::: Exercise inputs :::

(* Let $F$ be the class of functions computed by scalar-output $\ell_\infty$-dist nets with input dimension $d$, width $w\ge d$ and depth (number of hidden layers) $L$, with all parameters ranging over the reals. Then the VC dimension of $F$ satisfies $\mathrm{VCdim}(F)=\tilde O(L^2w^4)$.
   Context: An $\ell_\infty$-dist net takes $\mathbf x^{(0)}=\mathbf x\in\mathbb{R}^d$ and computes, for each layer $l$ and unit $k$, $x^{(l)}_k=\|\mathbf x^{(l-1)}-\mathbf w^{(l,k)}\|_\infty+b^{(l,k)}$ with real parameters $\mathbf w^{(l,k)}$, $b^{(l,k)}$; the width is the maximum number of units per layer. The VC dimension of a real-valued class is that of the associated sign classifiers $\mathbf x\mapsto\mathrm{sign}(g(\mathbf x))$. $\tilde O(\cdot)$ hides absolute constants and polylogarithmic factors. *)

theory Defs
  imports Complex_Main "HOL-Library.Extended_Real"
begin

text \<open>Vectors in R^n are represented as real lists of length n.\<close>

definition linf_dist :: "real list \<Rightarrow> real list \<Rightarrow> real" where
  "linf_dist x v = foldr max (map (\<lambda>(a, c). \<bar>a - c\<bar>) (zip x v)) 0"

text \<open>A unit is a pair (weight vector, bias); a layer is a list of units.\<close>
type_synonym unit_param = "real list \<times> real"
type_synonym layer_param = "unit_param list"

definition unit_eval :: "real list \<Rightarrow> unit_param \<Rightarrow> real" where
  "unit_eval x u = linf_dist x (fst u) + snd u"

definition layer_eval :: "layer_param \<Rightarrow> real list \<Rightarrow> real list" where
  "layer_eval ly x = map (unit_eval x) ly"

definition net_eval :: "layer_param list \<Rightarrow> real list \<Rightarrow> real list" where
  "net_eval net x = foldl (\<lambda>y ly. layer_eval ly y) x net"

text \<open>Well-formed net with layer sizes ns = [n_0, n_1, ..., n_K]: layer l has n_l units,
  each with a weight vector of length n_(l-1).\<close>
definition net_shape :: "nat list \<Rightarrow> layer_param list \<Rightarrow> bool" where
  "net_shape ns net \<longleftrightarrow> length ns = length net + 1 \<and>
     (\<forall>l < length net. length (net ! l) = ns ! (Suc l) \<and>
        (\<forall>u \<in> set (net ! l). length (fst u) = ns ! l))"

text \<open>Class of scalar-output l_inf-dist nets: input dimension d, L hidden layers
  each with between 1 and w units (so width at most w), followed by one output unit.\<close>
definition linf_net_class :: "nat \<Rightarrow> nat \<Rightarrow> nat \<Rightarrow> (real list \<Rightarrow> real) set" where
  "linf_net_class d w L =
     {(\<lambda>x. hd (net_eval net x)) | net hs.
        length hs = L \<and> (\<forall>h \<in> set hs. 1 \<le> h \<and> h \<le> w) \<and>
        net_shape ([d] @ hs @ [1]) net}"

text \<open>Shattering by the sign classifiers x \<mapsto> sign(g x) (with sign 0 = +1),
  points taken in R^d.\<close>
definition shatters :: "nat \<Rightarrow> (real list \<Rightarrow> real) set \<Rightarrow> real list set \<Rightarrow> bool" where
  "shatters d F S \<longleftrightarrow> (\<forall>x \<in> S. length x = d) \<and>
     (\<forall>T \<subseteq> S. \<exists>g \<in> F. \<forall>x \<in> S. (g x \<ge> 0 \<longleftrightarrow> x \<in> T))"

definition VCdim :: "nat \<Rightarrow> (real list \<Rightarrow> real) set \<Rightarrow> ereal" where
  "VCdim d F = Sup {ereal (real (card S)) | S. finite S \<and> shatters d F S}"

end

theory Submission
  imports Defs
begin

text \<open>For a fixed architecture and a fixed input \<open>x\<close>, the output of an \<open>l\<^sub>\<infinity>\<close>-dist net is a
  piecewise affine function of the parameter vector \<open>\<theta>\<close>: sums, absolute values and maxima of
  piecewise affine functions are piecewise affine, and each layer multiplies the number of pieces
  by at most \<open>2 w + 1\<close>. Hence the labels a net gives to the points of a finite set \<open>S\<close> are
  determined by the signs of \<open>|S| (2 w + 1)\<^bsup>O(L)\<^esup>\<close> affine functions of the
  \<open>(L + 1) w (w + 1)\<close> parameters. Since \<open>m\<close> affine functions of \<open>p\<close> variables have at most
  \<open>(m + 1)\<^sup>p\<close> sign patterns, a shattered \<open>S\<close> satisfies
  \<open>2\<^bsup>|S|\<^esup> \<le> w\<^sup>L (|S| (2 w + 1)\<^bsup>O(L)\<^esup>)\<^bsup>(L + 1) w (w + 1)\<^esup>\<close>, and taking logarithms gives
  \<open>|S| = O(L\<^sup>2 w\<^sup>4 log (L + w))\<close>.\<close>

definition affine_in :: "'i set \<Rightarrow> (('i \<Rightarrow> real) \<Rightarrow> real) \<Rightarrow> bool" where
  "affine_in V f \<longleftrightarrow> (\<exists>a b. \<forall>\<theta>. f \<theta> = b + (\<Sum>i\<in>V. a i * \<theta> i))"

definition sign_pattern :: "(('i \<Rightarrow> real) \<Rightarrow> real) list \<Rightarrow> ('i \<Rightarrow> real) \<Rightarrow> bool list" where
  "sign_pattern fs \<theta> = map (\<lambda>f. 0 \<le> f \<theta>) fs"

lemma affine_in_const: "affine_in V (\<lambda>_. c)"
  unfolding affine_in_def by (intro exI[of _ "\<lambda>_. 0"] exI[of _ c]) simp

lemma affine_in_coord:
  assumes "finite V" "j \<in> V"
  shows "affine_in V (\<lambda>\<theta>. \<theta> j)"
proof -
  have "\<theta> j = 0 + (\<Sum>i\<in>V. of_bool (i = j) * \<theta> i)" for \<theta> :: "'a \<Rightarrow> real"
    using assms by simp
  then show ?thesis
    unfolding affine_in_def by (intro exI[of _ "\<lambda>i. of_bool (i = j)"] exI[of _ 0]) blast
qed

lemma affine_in_add:
  assumes "affine_in V f" "affine_in V g"
  shows "affine_in V (\<lambda>\<theta>. f \<theta> + g \<theta>)"
proof -
  obtain a b c e where "\<And>\<theta>. f \<theta> = b + (\<Sum>i\<in>V. a i * \<theta> i)" "\<And>\<theta>. g \<theta> = e + (\<Sum>i\<in>V. c i * \<theta> i)"
    using assms unfolding affine_in_def by blast
  then show ?thesis
    unfolding affine_in_def
    by (intro exI[of _ "\<lambda>i. a i + c i"] exI[of _ "b + e"]) (simp add: sum.distrib algebra_simps)
qed

lemma affine_in_uminus:
  assumes "affine_in V f"
  shows "affine_in V (\<lambda>\<theta>. - f \<theta>)"
proof -
  obtain a b where "\<And>\<theta>. f \<theta> = b + (\<Sum>i\<in>V. a i * \<theta> i)"
    using assms unfolding affine_in_def by blast
  then show ?thesis
    unfolding affine_in_def by (intro exI[of _ "\<lambda>i. - a i"] exI[of _ "- b"]) (simp add: sum_negf)
qed

lemma affine_in_diff: "affine_in V f \<Longrightarrow> affine_in V g \<Longrightarrow> affine_in V (\<lambda>\<theta>. f \<theta> - g \<theta>)"
  using affine_in_add[of V f "\<lambda>\<theta>. - g \<theta>"] affine_in_uminus[of V g] by simp

lemma affine_in_convex_comb:
  assumes "affine_in V f"
  shows "f (\<lambda>i. t * x i + (1 - t) * y i) = t * f x + (1 - t) * f y"
proof -
  from assms obtain a b where f: "\<And>\<theta>. f \<theta> = b + (\<Sum>i\<in>V. a i * \<theta> i)"
    unfolding affine_in_def by blast
  have "(\<Sum>i\<in>V. a i * (t * x i + (1 - t) * y i))
      = t * (\<Sum>i\<in>V. a i * x i) + (1 - t) * (\<Sum>i\<in>V. a i * y i)"
    unfolding sum_distrib_left sum.distrib[symmetric] by (rule sum.cong) (simp_all add: algebra_simps)
  then show ?thesis
    unfolding f by (simp add: algebra_simps)
qed

text \<open>\<open>\<sigma>\<close> replaces \<open>\<theta> j\<close>, for a coordinate \<open>j\<close> on which \<open>f\<close> depends, by its value solved from
  \<open>f \<theta> = 0\<close>.\<close>
lemma affine_in_zero_set_reparam:
  assumes "finite V" "affine_in V f" "f \<theta>\<^sub>1 \<noteq> f \<theta>\<^sub>2"
  obtains j \<sigma> where "j \<in> V" "\<And>\<theta>. f \<theta> = 0 \<Longrightarrow> \<sigma> \<theta> = \<theta>"
    "\<And>g. affine_in V g \<Longrightarrow> affine_in (V - {j}) (\<lambda>\<theta>. g (\<sigma> \<theta>))"
proof -
  from assms(2) obtain a b where f: "\<And>\<theta>. f \<theta> = b + (\<Sum>i\<in>V. a i * \<theta> i)"
    unfolding affine_in_def by blast
  obtain j where j: "j \<in> V" "a j \<noteq> 0"
    using assms(3) unfolding f by (metis (mono_tags, lifting) mult_eq_0_iff sum.neutral)
  have split: "(\<Sum>i\<in>V. c i * \<theta> i) = c j * \<theta> j + (\<Sum>i\<in>V - {j}. c i * \<theta> i)" for c \<theta>
    using assms(1) j(1) by (simp add: sum.remove)
  define \<sigma> where "\<sigma> \<theta> = \<theta>(j := - (b + (\<Sum>i\<in>V - {j}. a i * \<theta> i)) / a j)" for \<theta>
  have \<sigma>_other: "(\<Sum>i\<in>V - {j}. c i * \<sigma> \<theta> i) = (\<Sum>i\<in>V - {j}. c i * \<theta> i)" for c \<theta>
    by (rule sum.cong) (auto simp: \<sigma>_def)
  show thesis
  proof
    show "j \<in> V" by fact
    show "\<sigma> \<theta> = \<theta>" if "f \<theta> = 0" for \<theta>
      using that j(2) unfolding f split \<sigma>_def by (auto simp: field_simps)
    show "affine_in (V - {j}) (\<lambda>\<theta>. g (\<sigma> \<theta>))" if "affine_in V g" for g
    proof -
      from that obtain c e where g: "\<And>\<theta>. g \<theta> = e + (\<Sum>i\<in>V. c i * \<theta> i)"
        unfolding affine_in_def by blast
      have "g (\<sigma> \<theta>) = (e - c j * b / a j) + (\<Sum>i\<in>V - {j}. (c i - c j * a i / a j) * \<theta> i)" for \<theta>
        using j(2) unfolding g split \<sigma>_other
        by (simp add: \<sigma>_def algebra_simps sum_subtractf sum_distrib_left sum_divide_distrib
            diff_divide_distrib add_divide_distrib)
      then show ?thesis
        unfolding affine_in_def by (intro exI[of _ "\<lambda>i. c i - c j * a i / a j"] exI) blast
    qed
  qed
qed

lemma finite_range_sign_pattern: "finite (range (sign_pattern fs))"
proof -
  have "range (sign_pattern fs) \<subseteq> {bs. set bs \<subseteq> UNIV \<and> length bs = length fs}"
    by (auto simp: sign_pattern_def)
  then show ?thesis
    using finite_lists_length_eq[of "UNIV :: bool set"] finite_subset by auto
qed

lemma sign_pattern_crossing:
  assumes "affine_in V f" "\<forall>g\<in>set gs. affine_in V g"
    and "0 \<le> f \<theta>\<^sub>1" "f \<theta>\<^sub>2 < 0" "sign_pattern gs \<theta>\<^sub>1 = sign_pattern gs \<theta>\<^sub>2"
  shows "\<exists>\<theta>. f \<theta> = 0 \<and> sign_pattern gs \<theta> = sign_pattern gs \<theta>\<^sub>1"
proof -
  define t where "t = f \<theta>\<^sub>1 / (f \<theta>\<^sub>1 - f \<theta>\<^sub>2)"
  have t: "0 \<le> t" "t < 1"
    using assms(3,4) by (auto simp: t_def field_simps)
  define \<theta> where "\<theta> = (\<lambda>i. t * \<theta>\<^sub>2 i + (1 - t) * \<theta>\<^sub>1 i)"
  have "f \<theta> = 0"
    using assms(3,4) unfolding \<theta>_def affine_in_convex_comb[OF assms(1)]
    by (simp add: t_def field_simps)
  moreover have "(0 \<le> g \<theta>) = (0 \<le> g \<theta>\<^sub>1)" if "g \<in> set gs" for g
  proof -
    have "(0 \<le> g \<theta>\<^sub>1) = (0 \<le> g \<theta>\<^sub>2)"
      using assms(5) that by (auto simp: sign_pattern_def)
    moreover have "g \<theta> = t * g \<theta>\<^sub>2 + (1 - t) * g \<theta>\<^sub>1"
      unfolding \<theta>_def using assms(2) that by (simp add: affine_in_convex_comb[of V g])
    ultimately show ?thesis
      using t by (smt (verit) mult_nonneg_nonneg mult_pos_neg mult_nonneg_nonpos)
  qed
  ultimately show ?thesis
    by (auto simp: sign_pattern_def)
qed

lemma card_sign_patterns_Cons_le:
  assumes "affine_in V f" "\<forall>g\<in>set gs. affine_in V g"
  shows "card (range (sign_pattern (f # gs)))
    \<le> card (range (sign_pattern gs)) + card (sign_pattern gs ` {\<theta>. f \<theta> = 0})"
proof -
  define A where "A = {p. True # p \<in> range (sign_pattern (f # gs))}"
  define B where "B = {p. False # p \<in> range (sign_pattern (f # gs))}"
  have AB: "A \<union> B \<subseteq> range (sign_pattern gs)"
    by (auto simp: A_def B_def sign_pattern_def)
  then have fin: "finite A" "finite B"
    using finite_range_sign_pattern finite_subset by blast+
  have "A \<inter> B \<subseteq> sign_pattern gs ` {\<theta>. f \<theta> = 0}"
  proof
    fix p assume "p \<in> A \<inter> B"
    then have "True # p \<in> range (sign_pattern (f # gs))" "False # p \<in> range (sign_pattern (f # gs))"
      by (auto simp: A_def B_def)
    then obtain \<theta>\<^sub>1 \<theta>\<^sub>2 where "True # p = sign_pattern (f # gs) \<theta>\<^sub>1" "False # p = sign_pattern (f # gs) \<theta>\<^sub>2"
      by blast
    then have "0 \<le> f \<theta>\<^sub>1" "f \<theta>\<^sub>2 < 0" "sign_pattern gs \<theta>\<^sub>1 = p" "sign_pattern gs \<theta>\<^sub>2 = p"
      by (auto simp: sign_pattern_def)
    then obtain \<theta> where "f \<theta> = 0" "sign_pattern gs \<theta> = p"
      using sign_pattern_crossing[OF assms] by metis
    then show "p \<in> sign_pattern gs ` {\<theta>. f \<theta> = 0}"
      by blast
  qed
  then have "card (A \<inter> B) \<le> card (sign_pattern gs ` {\<theta>. f \<theta> = 0})"
    by (intro card_mono finite_subset[OF _ finite_range_sign_pattern]) auto
  moreover have "card (A \<union> B) \<le> card (range (sign_pattern gs))"
    by (intro card_mono AB finite_range_sign_pattern)
  moreover have "card (range (sign_pattern (f # gs))) \<le> card A + card B"
  proof -
    have "range (sign_pattern (f # gs)) \<subseteq> Cons True ` A \<union> Cons False ` B"
      by (auto simp: A_def B_def sign_pattern_def)
    then have "card (range (sign_pattern (f # gs))) \<le> card (Cons True ` A \<union> Cons False ` B)"
      using fin by (intro card_mono) auto
    also have "\<dots> \<le> card A + card B"
      using card_Un_le card_image_le[OF fin(1)] card_image_le[OF fin(2)] by (metis add_mono order_trans)
    finally show ?thesis .
  qed
  ultimately show ?thesis
    using card_Un_Int[OF fin] by linarith
qed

:::

- [Assigned task]: The first line of the records begins the span, and the line containing "foldl (\<lambda>y ly." ends it. Reproduce that span exactly, both ends included.

- [Your response]:
(* Let $F$ be the class of functions computed by scalar-output $\ell_\infty$-dist nets with input dimension $d$, width $w\ge d$ and depth (number of hidden layers) $L$, with all parameters ranging over the reals. Then the VC dimension of $F$ satisfies $\mathrm{VCdim}(F)=\tilde O(L^2w^4)$.
   Context: An $\ell_\infty$-dist net takes $\mathbf x^{(0)}=\mathbf x\in\mathbb{R}^d$ and computes, for each layer $l$ and unit $k$, $x^{(l)}_k=\|\mathbf x^{(l-1)}-\mathbf w^{(l,k)}\|_\infty+b^{(l,k)}$ with real parameters $\mathbf w^{(l,k)}$, $b^{(l,k)}$; the width is the maximum number of units per layer. The VC dimension of a real-valued class is that of the associated sign classifiers $\mathbf x\mapsto\mathrm{sign}(g(\mathbf x))$. $\tilde O(\cdot)$ hides absolute constants and polylogarithmic factors. *)

theory Defs
  imports Complex_Main "HOL-Library.Extended_Real"
begin

text \<open>Vectors in R^n are represented as real lists of length n.\<close>

definition linf_dist :: "real list \<Rightarrow> real list \<Rightarrow> real" where
  "linf_dist x v = foldr max (map (\<lambda>(a, c). \<bar>a - c\<bar>) (zip x v)) 0"

text \<open>A unit is a pair (weight vector, bias); a layer is a list of units.\<close>
type_synonym unit_param = "real list \<times> real"
type_synonym layer_param = "unit_param list"

definition unit_eval :: "real list \<Rightarrow> unit_param \<Rightarrow> real" where
  "unit_eval x u = linf_dist x (fst u) + snd u"

definition layer_eval :: "layer_param \<Rightarrow> real list \<Rightarrow> real list" where
  "layer_eval ly x = map (unit_eval x) ly"

definition net_eval :: "layer_param list \<Rightarrow> real list \<Rightarrow> real list" where
  "net_eval net x = foldl (\<lambda>y ly. layer_eval ly y) x net"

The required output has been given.